## YOUR ASSIGNMENT
Please repeat only the stretch of records running from the first line through the line that contains "and rho nu S".
***
theorem lemma15:
  shows "\<exists>(A::algorithm) (c::real). halting A \<and>
    (\<forall>N V E ident sel.
       connected_graph V E \<and> valid_ids V N ident \<and> valid_adversary sel \<longrightarrow>
       (\<exists>T. real T \<le> c * real N
          \<and> (\<forall>v\<in>V. out A N (ident v) (hist A N ident E sel T v) \<noteq> None)
          \<and> ruling_set V E 2 (log 2 (real N))
              {v\<in>V. out A N (ident v) (hist A N ident E sel T v) = Some True}
          \<and> (\<forall>v\<in>V. real (energy A N ident E sel T v) \<le> c * log 2 (real N) + c)))"
proof (intro exI[of _ ruling_alg] exI[of _ "2::real"] conjI halting_ruling_alg allI impI)
  fix N V E ident sel
  assume "connected_graph V E \<and> valid_ids V N ident \<and> valid_adversary sel"
  then show "\<exists>T. real T \<le> 2 * real N
     \<and> (\<forall>v \<in> V. out ruling_alg N (ident v) (hist ruling_alg N ident E sel T v) \<noteq> None)
     \<and> ruling_set V E 2 (log 2 (real N))
         {v \<in> V. out ruling_alg N (ident v) (hist ruling_alg N ident E sel T v) = Some True}
     \<and> (\<forall>v \<in> V. real (energy ruling_alg N ident E sel T v) \<le> 2 * log 2 (real N) + 2)"
    using ruling_run.run_guarantees unfolding ruling_run_def by blast
qed

end
lemma nonneg_and_mass_le:
  assumes init: "\<And>i. 0 \<le> rho 0 i" "dx * mass 0 \<le> M"
    and ah: "\<And>n i. (\<And>i. 0 \<le> rho n i) \<Longrightarrow> dx * mass n \<le> M \<Longrightarrow> 0 \<le> i \<Longrightarrow> i \<le> int Nx - 1
               \<Longrightarrow> \<bar>ah n i\<bar> \<le> c"
  shows "(\<forall>i. 0 \<le> rho n i) \<and> dx * mass n \<le> M"
proof (induction n)
  case (Suc n)
  then have rho: "\<And>i. 0 \<le> rho n i" and ah_n: "\<And>i. 0 \<le> i \<Longrightarrow> i \<le> int Nx - 1 \<Longrightarrow> \<bar>ah n i\<bar> \<le> c"
    using ah by auto
  have "dx * mass (Suc n) \<le> dx * mass n"
    using mass_step_le[OF rho ah_n] dx_pos by simp
  then show ?case
    using Suc rho_step_nonneg[OF rho ah_n] by auto
qed (use init in auto)

end

theorem lemma2p3:
  fixes W w a A :: "real \<Rightarrow> real"
    and w0 \<alpha> M c :: real
    and mu :: "real measure"
    and Nx :: nat and x0 dx dt lam :: real
    and rho nu S dS ah J :: "nat \<Rightarrow> int \<Rightarrow> real"
  assumes W_C1: "\<forall>x. x \<noteq> 0 \<longrightarrow> W differentiable (at x)"
    and W_C1': "continuous_on (UNIV - {0}) (deriv W)"
    and W_eq: "weak_second_deriv_dirac W w"
    and w_cont: "continuous_on UNIV w"
    and w_bdd: "bounded (range w)"
    and w_int: "integrable lborel w"
    and w0_def: "w0 = (LINT x|lborel. \<bar>w x\<bar>)"
    and a_deriv: "\<forall>x. a differentiable (at x)"
    and a_C1: "continuous_on UNIV (deriv a)"
    and a_mono: "\<forall>x. 0 \<le> deriv a x \<and> deriv a x \<le> \<alpha>"
    and A_prim: "\<forall>x. (A has_real_derivative a x) (at x)"
    and A0: "A 0 = 0"
    and mu_borel: "sets mu = sets borel"
    and mu_fin: "finite_measure mu"
    and mu_P1: "(\<integral>\<^sup>+ x. ennreal \<bar>x\<bar> \<partial>mu) < \<infinity>"
    and mu_cpt: "\<exists>K. compact K \<and> emeasure mu (UNIV - K) = 0"
    and M_def: "M = measure mu UNIV"
    and c_def: "c = (SUP x\<in>{- M * (1 + w0) .. M * (1 + w0)}. \<bar>a x\<bar>)"
    and dx_pos: "0 < dx"
    and dt_pos: "0 < dt"
    and supp: "emeasure mu (UNIV - {grid x0 dx 0 .. grid x0 dx (int Nx)}) = 0"
    and lam_def: "lam = dt / dx"
    and CFL: "3 * c * lam \<le> 2"
    \<comment> \<open>rho n i = rho_i^n; conventions rho_0 = rho_Nx = 0 (and 0 outside the grid)\<close>
    and rho_bd: "\<forall>n i. (i \<le> 0 \<or> int Nx \<le> i) \<longrightarrow> rho n i = 0"
    and rho_init: "\<forall>i. 0 < i \<and> i < int Nx \<longrightarrow>
                     rho 0 i = measure mu {grid x0 dx i ..< grid x0 dx (i + 1)} / dx"
    and nu_def: "\<forall>n i. nu n i = (\<Sum>k = 1 .. int Nx. rho n k * wgt w dx k i)"
    \<comment> \<open>S: conventions S_0 = S_1 = 0, discrete Poisson equation at the nodes 0..Nx\<close>
    and S_bd: "\<forall>n. S n 0 = 0 \<and> S n 1 = 0"
    and S_eq: "\<forall>n i. 0 \<le> i \<and> i \<le> int Nx \<longrightarrow>
                 - (S n (i + 1) - 2 * S n i + S n (i - 1)) / dx\<^sup>2 + nu n i = rho n i"
    \<comment> \<open>dS n i = (partial_x S)_i^n for i = 0..Nx\<close>
    and dS_def: "\<forall>n i. - 1 \<le> i \<and> i \<le> int Nx - 1 \<longrightarrow>
                   dS n (i + 1) = (S n (i + 2) - S n i) / (2 * dx)"
    \<comment> \<open>ah n i = a_{i+1/2}^n and J n i = J_{i+1/2}^n for i = 0..Nx-1\<close>
    and ah_def: "\<forall>n i. 0 \<le> i \<and> i \<le> int Nx - 1 \<longrightarrow>
                   ah n i = (if dS n (i + 1) = dS n i then 0
                             else (A (dS n (i + 1)) - A (dS n i)) / (dS n (i + 1) - dS n i))"
    and J_def: "\<forall>n i. 0 \<le> i \<and> i \<le> int Nx - 1 \<longrightarrow>
                  J n i = - (A (dS n (i + 1)) - A (dS n i)) / dx
                          + ah n i * (nu n (i + 1) + nu n i) / 2"
    and J_bd: "\<forall>n. J n (- 1) = 0 \<and> J n (int Nx) = 0"
    and rho_step: "\<forall>n i. 0 < i \<and> i < int Nx \<longrightarrow>
                     rho (Suc n) i = rho n i - lam / 2 * (J n i - J n (i - 1))
                                     + lam / 2 * c * (rho n (i + 1) - 2 * rho n i + rho n (i - 1))"
  shows "(\<forall>n i. 0 \<le> rho n i) \<and> (\<forall>n i. 0 \<le> i \<and> i \<le> int Nx - 1 \<longrightarrow> \<bar>ah n i\<bar> \<le> c)"
proof -
  define R where "R = M * (1 + w0)"
  have w0_nonneg: "0 \<le> w0"
    unfolding w0_def by (rule integral_nonneg_AE) simp
  have a_cont: "continuous_on {-R..R} a"
    using a_deriv by (metis continuous_at_imp_continuous_on differentiable_imp_continuous_within)
  have c_R: "c = (SUP z\<in>{-R..R}. \<bar>a z\<bar>)"
    using c_def by (simp add: R_def)
  have a_le_c: "\<bar>a z\<bar> \<le> c" if "\<bar>z\<bar> \<le> R" for z
    unfolding c_R using that by (intro abs_le_SUP_abs[OF a_cont]) auto
  have "0 \<le> c" "0 \<le> lam"
    using a_le_c[of 0] M_def w0_nonneg lam_def dx_pos dt_pos by (auto simp: R_def)
  then interpret scheme: aggregation_LF_scheme Nx dx lam c A rho nu S dS ah J
    using dx_pos CFL rho_bd S_bd S_eq dS_def ah_def J_def rho_step by unfold_locales
  have ah_le: "\<bar>ah n i\<bar> \<le> c"
    if "\<And>i. 0 \<le> rho n i" "dx * scheme.mass n \<le> M" "0 \<le> i" "i \<le> int Nx - 1" for n i
    using that w0_nonneg nu_def
    by (intro scheme.abs_ah_le_mass[OF A_prim[rule_format] a_le_c w_int])
      (auto simp: R_def w0_def[symmetric] mult.commute intro: order.trans mult_right_mono)
  have "dx * scheme.mass 0 \<le> M"
    using grid_average_mass_le[OF mu_fin mu_borel dx_pos, of Nx "rho 0" x0] rho_init rho_bd
      M_def sets_eq_imp_space_eq[OF mu_borel] by (simp add: scheme.mass_def)
  moreover have "0 \<le> rho 0 i" for i
    using rho_init rho_bd dx_pos by (cases "0 < i \<and> i < int Nx") auto
  ultimately have "(\<forall>i. 0 \<le> rho n i) \<and> dx * scheme.mass n \<le> M" for n
    using ah_le by (intro scheme.nonneg_and_mass_le) auto
  then show ?thesis
    using ah_le by blast
qed

end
***
## REPLY
theorem lemma15:
  shows "\<exists>(A::algorithm) (c::real). halting A \<and>
    (\<forall>N V E ident sel.
       connected_graph V E \<and> valid_ids V N ident \<and> valid_adversary sel \<longrightarrow>
       (\<exists>T. real T \<le> c * real N
          \<and> (\<forall>v\<in>V. out A N (ident v) (hist A N ident E sel T v) \<noteq> None)
          \<and> ruling_set V E 2 (log 2 (real N))
              {v\<in>V. out A N (ident v) (hist A N ident E sel T v) = Some True}
          \<and> (\<forall>v\<in>V. real (energy A N ident E sel T v) \<le> c * log 2 (real N) + c)))"
proof (intro exI[of _ ruling_alg] exI[of _ "2::real"] conjI halting_ruling_alg allI impI)
  fix N V E ident sel
  assume "connected_graph V E \<and> valid_ids V N ident \<and> valid_adversary sel"
  then show "\<exists>T. real T \<le> 2 * real N
     \<and> (\<forall>v \<in> V. out ruling_alg N (ident v) (hist ruling_alg N ident E sel T v) \<noteq> None)
     \<and> ruling_set V E 2 (log 2 (real N))
         {v \<in> V. out ruling_alg N (ident v) (hist ruling_alg N ident E sel T v) = Some True}
     \<and> (\<forall>v \<in> V. real (energy ruling_alg N ident E sel T v) \<le> 2 * log 2 (real N) + 2)"
    using ruling_run.run_guarantees unfolding ruling_run_def by blast
qed

end
lemma nonneg_and_mass_le:
  assumes init: "\<And>i. 0 \<le> rho 0 i" "dx * mass 0 \<le> M"
    and ah: "\<And>n i. (\<And>i. 0 \<le> rho n i) \<Longrightarrow> dx * mass n \<le> M \<Longrightarrow> 0 \<le> i \<Longrightarrow> i \<le> int Nx - 1
               \<Longrightarrow> \<bar>ah n i\<bar> \<le> c"
  shows "(\<forall>i. 0 \<le> rho n i) \<and> dx * mass n \<le> M"
proof (induction n)
  case (Suc n)
  then have rho: "\<And>i. 0 \<le> rho n i" and ah_n: "\<And>i. 0 \<le> i \<Longrightarrow> i \<le> int Nx - 1 \<Longrightarrow> \<bar>ah n i\<bar> \<le> c"
    using ah by auto
  have "dx * mass (Suc n) \<le> dx * mass n"
    using mass_step_le[OF rho ah_n] dx_pos by simp
  then show ?case
    using Suc rho_step_nonneg[OF rho ah_n] by auto
qed (use init in auto)

end

theorem lemma2p3:
  fixes W w a A :: "real \<Rightarrow> real"
    and w0 \<alpha> M c :: real
    and mu :: "real measure"
    and Nx :: nat and x0 dx dt lam :: real
    and rho nu S dS ah J :: "nat \<Rightarrow> int \<Rightarrow> real"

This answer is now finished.